High speed spindles incorporate several different methods to keep out contamination. Labyrinth seals are the most common. These seals rely on a close fitting convoluted path to keep contamination from reaching the interior of the spindle. However, due to their high rotational speeds these seals are non-contact and so leave an ingression path for contaminates.

Besides the convoluted close tolerance fit, these seals also rely on the high speed shaft rotation to sling off the contaminate. However, when the spindle is stopped liquid can freely seep through these seals. In fact, the close fit aids wicking of contaminated cutting fluid into the interior of the spindle. Additionally, with some multi-axis milling machines, the spindle body can rotate to the point where the work head is pointing up further aiding the migration of liquid contamination to the spindle interior.

When stopping a spindle that employs a labyrinth seal it is important to stop all cutting fluid flow prior to stopping spindle rotation. Keep the spindle running for several minutes after stopping the tool coolant so the shaft can sling away and residual liquid. Additionally, cutting chips or grinding slurry that buildup around the shaft will greatly increase the likelihood of contamination migrating through the seals. Whenever possible clear all debris buildup from around the shaft prior to stopping rotation.

Air Knifes

New air knife seal on a CMS Brembana stone cutting spindle.

Air knives are another method often employed to prevent contamination from getting in the spindle; often in combination with labyrinth seals. These rely on constant air flow through a thin space between the stationary seal and the rotating shaft. They provide positive air pressure to the spindle interior preventing contamination ingression and typically work quite well.

However, these seals require constant air flow during operation and so can add some operational expense. Like labyrinth seals, they can be easily damaged.

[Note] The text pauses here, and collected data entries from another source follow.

lemma cyc_pred_notin_C: "y \<in> C \<Longrightarrow> cyc_pred n y \<notin> C"
  using cyc_succ_notin_C[of "cyc_pred n y"] cyc_succ_pred[OF C_less] by auto

lemma C_dominating:
  assumes "t < n" "t \<notin> C"
  shows "cyc_pred n t \<in> C \<or> cyc_succ n t \<in> C"
proof (rule ccontr)
  assume neighbours: "\<not> (cyc_pred n t \<in> C \<or> cyc_succ n t \<in> C)"
  have "cyc_succ n y \<noteq> t" if "y \<in> C" for y
    using that neighbours cyc_pred_succ[OF C_less[OF that]] by auto
  then have "cycle_indep n (insert t C)"
    using cycle_indep_C assms neighbours cyc_succ_neq[of n t] three_le_n
    by (auto simp: cycle_indep_def)
  then have "insert t C = C"
    using maximal subset_insertI[of C t]
    unfolding maximal_indep_set_def indep_set_cycle_edge_iff by blast
  with assms(2) show False
    by blast
qed

definition indep_outside_C :: "nat set set" where
  "indep_outside_C = {T. cycle_indep n T \<and> T \<inter> C = {}}"

lemma finite_indep_outside_C: "finite indep_outside_C"
  by (rule finite_subset[OF _ finite_cycle_indep]) (auto simp: indep_outside_C_def)

lemma indep_outside_C_memD:
  assumes "T \<in> indep_outside_C" "t \<in> T"
  shows "t < n" "t \<notin> C" "cyc_succ n t \<notin> T"
  using assms by (auto simp: indep_outside_C_def cycle_indep_def)

text \<open>Sending each vertex to the first vertex of \<open>C\<close> following it is injective on \<open>T\<close>,
  because \<open>C\<close> is dominating and \<open>T\<close> is independent.\<close>
lemma card_indep_outside_C_le:
  assumes T: "T \<in> indep_outside_C"
  shows "card T \<le> card C"
proof -
  define next_C where
    "next_C t = (if cyc_succ n t \<in> C then cyc_succ n t else cyc_succ n (cyc_succ n t))" for t
  have "next_C t \<in> C" if "t \<in> T" for t
  proof (cases "cyc_succ n t \<in> C")
    case False
    have "t < n" "t \<notin> C"
      using indep_outside_C_memD[OF T that] by auto
    then have "cyc_succ n (cyc_succ n t) \<in> C"
      using C_dominating[OF cyc_succ_less False] cyc_pred_succ by auto
    then show ?thesis
      using False by (simp add: next_C_def)
  qed (simp add: next_C_def)
  moreover have "inj_on next_C T"
  proof (rule inj_onI)
    fix t t' assume t: "t \<in> T" and t': "t' \<in> T" and eq: "next_C t = next_C t'"
    have "t < n" "t' < n" "cyc_succ n t \<notin> T" "cyc_succ n t' \<notin> T"
      using indep_outside_C_memD[OF T] t t' by auto
    then show "t = t'"
      using eq t t' by (auto simp: next_C_def cyc_succ_eq_iff cyc_succ_less split: if_splits)
  qed
  ultimately show ?thesis
    using finite_C by (intro card_inj_on_le) auto
qed

lemma image_cyc_succ_C_in_indep_outside_C: "cyc_succ n ` C \<in> indep_outside_C"
proof -
  have "cyc_succ n (cyc_succ n y) \<noteq> cyc_succ n y'" if "y \<in> C" "y' \<in> C" for y y'
    using that cyc_succ_notin_C C_less by (auto simp: cyc_succ_eq_iff cyc_succ_less)
  then show ?thesis
    using C_less cyc_succ_less cyc_succ_notin_C
    by (auto simp: indep_outside_C_def cycle_indep_def)
qed

lemma card_image_cyc_succ_C: "card (cyc_succ n ` C) = card C"
  by (intro card_image inj_on_subset[OF inj_on_cyc_succ]) (auto dest: C_less)

lemma card_image_cyc_pred_C: "card (cyc_pred n ` C) = card C"
  by (intro card_image inj_on_subset[OF inj_on_cyc_pred]) (auto dest: C_less)

lemma compl_C: "{0..<n} - C = cyc_succ n ` C \<union> cyc_pred n ` C"
proof (intro equalityI subsetI)
  fix t assume t: "t \<in> {0..<n} - C"
  then consider "cyc_pred n t \<in> C" | "cyc_succ n t \<in> C"
    using C_dominating by auto
  then show "t \<in> cyc_succ n ` C \<union> cyc_pred n ` C"
  proof cases
    case 1
    then show ?thesis
      using cyc_succ_pred[of t n] t by (auto intro: rev_image_eqI)
  next
    case 2
    then show ?thesis
      using cyc_pred_succ[of t n] t by (auto intro: rev_image_eqI)
  qed
next
  fix t assume "t \<in> cyc_succ n ` C \<union> cyc_pred n ` C"
  then show "t \<in> {0..<n} - C"
    using cyc_succ_notin_C cyc_pred_notin_C cyc_succ_less cyc_pred_less C_less by auto
qed

text \<open>The vertices in both images are those outside \<open>C\<close> with both neighbours in \<open>C\<close>,
  that is, the gaps of length one between consecutive vertices of \<open>C\<close>.\<close>
lemma card_cyc_succ_C_inter_cyc_pred_C:
  "card (cyc_succ n ` C \<inter> cyc_pred n ` C) + n = 3 * card C"
proof -
  have "card (cyc_succ n ` C \<union> cyc_pred n ` C) + card (cyc_succ n ` C \<inter> cyc_pred n ` C) =
      2 * card C"
    using card_Un_Int[of "cyc_succ n ` C" "cyc_pred n ` C"] finite_C
    by (simp add: card_image_cyc_succ_C card_image_cyc_pred_C)
  moreover have "C \<subseteq> {0..<n}"
    using C_less by auto
  then have "card (cyc_succ n ` C \<union> cyc_pred n ` C) = n - card C"
    by (simp flip: compl_C add: card_Diff_subset finite_C)
  moreover have "card C \<le> n"
    using card_mono[OF _ \<open>C \<subseteq> {0..<n}\<close>] by simp
  ultimately show ?thesis
    by linarith
qed

lemma signed_count_indep_outside_C_eq_0:
  assumes "3 * card C \<noteq> n"
  shows "signed_count indep_outside_C = 0"
proof -
  have "cyc_succ n ` C \<inter> cyc_pred n ` C \<noteq> {}"
    using card_cyc_succ_C_inter_cyc_pred_C assms by (metis add_0 card.empty)
  then obtain y y' where y: "y \<in> C" "y' \<in> C" "cyc_succ n y = cyc_pred n y'"
    by blast
  let ?t = "cyc_succ n y"
  have t: "?t < n" "?t \<notin> C" "cyc_pred n ?t \<in> C" "cyc_succ n ?t \<in> C"
    using y(1) by (simp_all add: C_less cyc_succ_less cyc_succ_notin_C cyc_pred_succ)
      (use y cyc_succ_pred[OF C_less[OF y(2)]] in simp)
  have "cyc_succ n x \<noteq> ?t" if "x \<in> T" "T \<in> indep_outside_C" for x T
    using that t cyc_pred_succ indep_outside_C_memD by metis
  then have toggle: "insert ?t T \<in> indep_outside_C" "T - {?t} \<in> indep_outside_C"
    if "T \<in> indep_outside_C" for T
    using that t cyc_succ_neq[of n ?t] three_le_n
    by (auto simp: indep_outside_C_def cycle_indep_def)
  have "finite T" if "T \<in> indep_outside_C" for T
    using that by (auto simp: indep_outside_C_def cycle_indep_def intro: finite_subset)
  then show ?thesis
    using signed_count_eq_0_if_closed_under_toggle[OF finite_indep_outside_C] toggle by blast
qed

lemma mem_cyc_succ_C_or_cyc_succ2_C:
  assumes "t < n" "t \<notin> C"
  shows "t \<in> cyc_succ n ` C \<union> (\<lambda>y. cyc_succ n (cyc_succ n y)) ` C"
proof (cases "cyc_pred n t \<in> C")
  case True
  then show ?thesis
    using cyc_succ_pred[OF assms(1)] by (metis UnI1 image_eqI)
next
  case False
  then have "cyc_pred n (cyc_pred n t) \<in> C"
    using C_dominating[OF cyc_pred_less[OF assms(1)] False] cyc_succ_pred assms by auto
  then show ?thesis
    using cyc_succ_pred cyc_pred_less assms(1) by (metis UnI2 image_eqI)
qed

text \<open>All gaps have length two, so the vertices outside \<open>C\<close> are matched by the edges
  \<open>{y + 1, y + 2}\<close>, \<open>y \<in> C\<close>.\<close>
lemma indep_outside_C_eq_matching_indep_sets:
  assumes "3 * card C = n"
  shows "indep_outside_C = matching_indep_sets C (cyc_succ n) (\<lambda>y. cyc_succ n (cyc_succ n y))"
    (is "_ = matching_indep_sets C ?u ?v")
proof -
  have less: "?u y < n" "?v y < n" if "y \<in> C" for y
    using that C_less cyc_succ_less by auto
  have no_short_gap: "cyc_succ n ` C \<inter> cyc_pred n ` C = {}"
    using card_cyc_succ_C_inter_cyc_pred_C assms finite_C by simp
  have v_notin_C: "?v y \<notin> C" if "y \<in> C" for y
  proof
    assume "?v y \<in> C"
    then have "?u y \<in> cyc_succ n ` C \<inter> cyc_pred n ` C"
      using that cyc_pred_succ less(1)[OF that] by (metis IntI image_eqI)
    with no_short_gap show False
      by blast
  qed
  have succ_v_in_C: "cyc_succ n (?v y) \<in> C" if "y \<in> C" for y
    using C_dominating[OF less(2) v_notin_C] cyc_succ_notin_C cyc_pred_succ less that by auto
  show ?thesis
  proof (intro equalityI subsetI)
    fix T assume T: "T \<in> indep_outside_C"
    have "T \<subseteq> ?u ` C \<union> ?v ` C"
    proof
      fix t assume "t \<in> T"
      then show "t \<in> ?u ` C \<union> ?v ` C"
        by (intro mem_cyc_succ_C_or_cyc_succ2_C indep_outside_C_memD[OF T])
    qed
    moreover have "\<forall>y\<in>C. ?u y \<notin> T \<or> ?v y \<notin> T"
      using indep_outside_C_memD(3)[OF T] by blast
    ultimately show "T \<in> matching_indep_sets C ?u ?v"
      by (simp add: matching_indep_sets_def)
  next
    fix T assume "T \<in> matching_indep_sets C ?u ?v"
    then have T: "T \<subseteq> ?u ` C \<union> ?v ` C" "\<forall>y\<in>C. ?u y \<notin> T \<or> ?v y \<notin> T"
      by (auto simp: matching_indep_sets_def)
    then have "T \<inter> C = {}"
      using cyc_succ_notin_C v_notin_C by auto
    moreover have "cyc_succ n t \<notin> T" if "t \<in> T" for t
    proof -
      obtain y where "y \<in> C" "t = ?u y \<or> t = ?v y"
        using T(1) \<open>t \<in> T\<close> by auto
      then show ?thesis
        using that T(2) \<open>T \<inter> C = {}\<close> succ_v_in_C by auto
    qed
    ultimately show "T \<in> indep_outside_C"
      using T less by (auto simp: indep_outside_C_def cycle_indep_def)
  qed
qed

Debris can impact the seal affecting air flow and in some cases causing the seal to rub against the shaft.

When running a spindle that employs an air knife seal it is important to use only clean dry air. We recommend installing good filters and water separators just ahead of the air knife. We have received spindles where liquid contamination entered the spindle from the shop air used for the air knife seal.

As with any type of seal it is important to avoid spraying cutting fluid or air directly at the shaft seals. High pressure coolant can impinge near the seal opening and get past the air knife. Once past the air knife, the positive air flow carries contamination into the bearings. Also, as with other seals it is important to stop all coolant flow and allow the spindle to continue running with the air knife air on until all residual liquid is away.

Hybrid Seals

HST may be able to retrofit your spindle with high end IMPRO seals.

A number of specialty manufacturers provide high quality hybrid seals that utilize the best features of air purge and labyrinth. They may combine these designs with other unique features such as a positive seal when the shaft is not rotating. These seals have proved to be very effective. IMPRO is one such manufacturer. If your spindle is fitted with this type of seal we can replace it. These seals are rather delicate so it is our policy is to replace them with every rebuild. IMPRO seals are rather expensive and can add several days onto lead time.

If requested we may be able to retrofit your spindle with IMPRO seals.

Take A Ways

• Always shut off tool coolant prior to stopping spindle rotation
• Before shutting down, allow spindle to run long enough to sling off any residual liquid
• Keep debris from building up around shaft seals
• Only use clean dry air for air knife seals
• Avoid spraying tool coolant directly at shaft seal

This is the last of our three part series reviewing some of our observations and experiences concerning spindle damage. We would love to hear from you. So please email us at hst@highspeedtechnologies.com.

In the meantime if you have a spindle failure for any reason please feel free to contact us +603.483.0333. We answer the phone.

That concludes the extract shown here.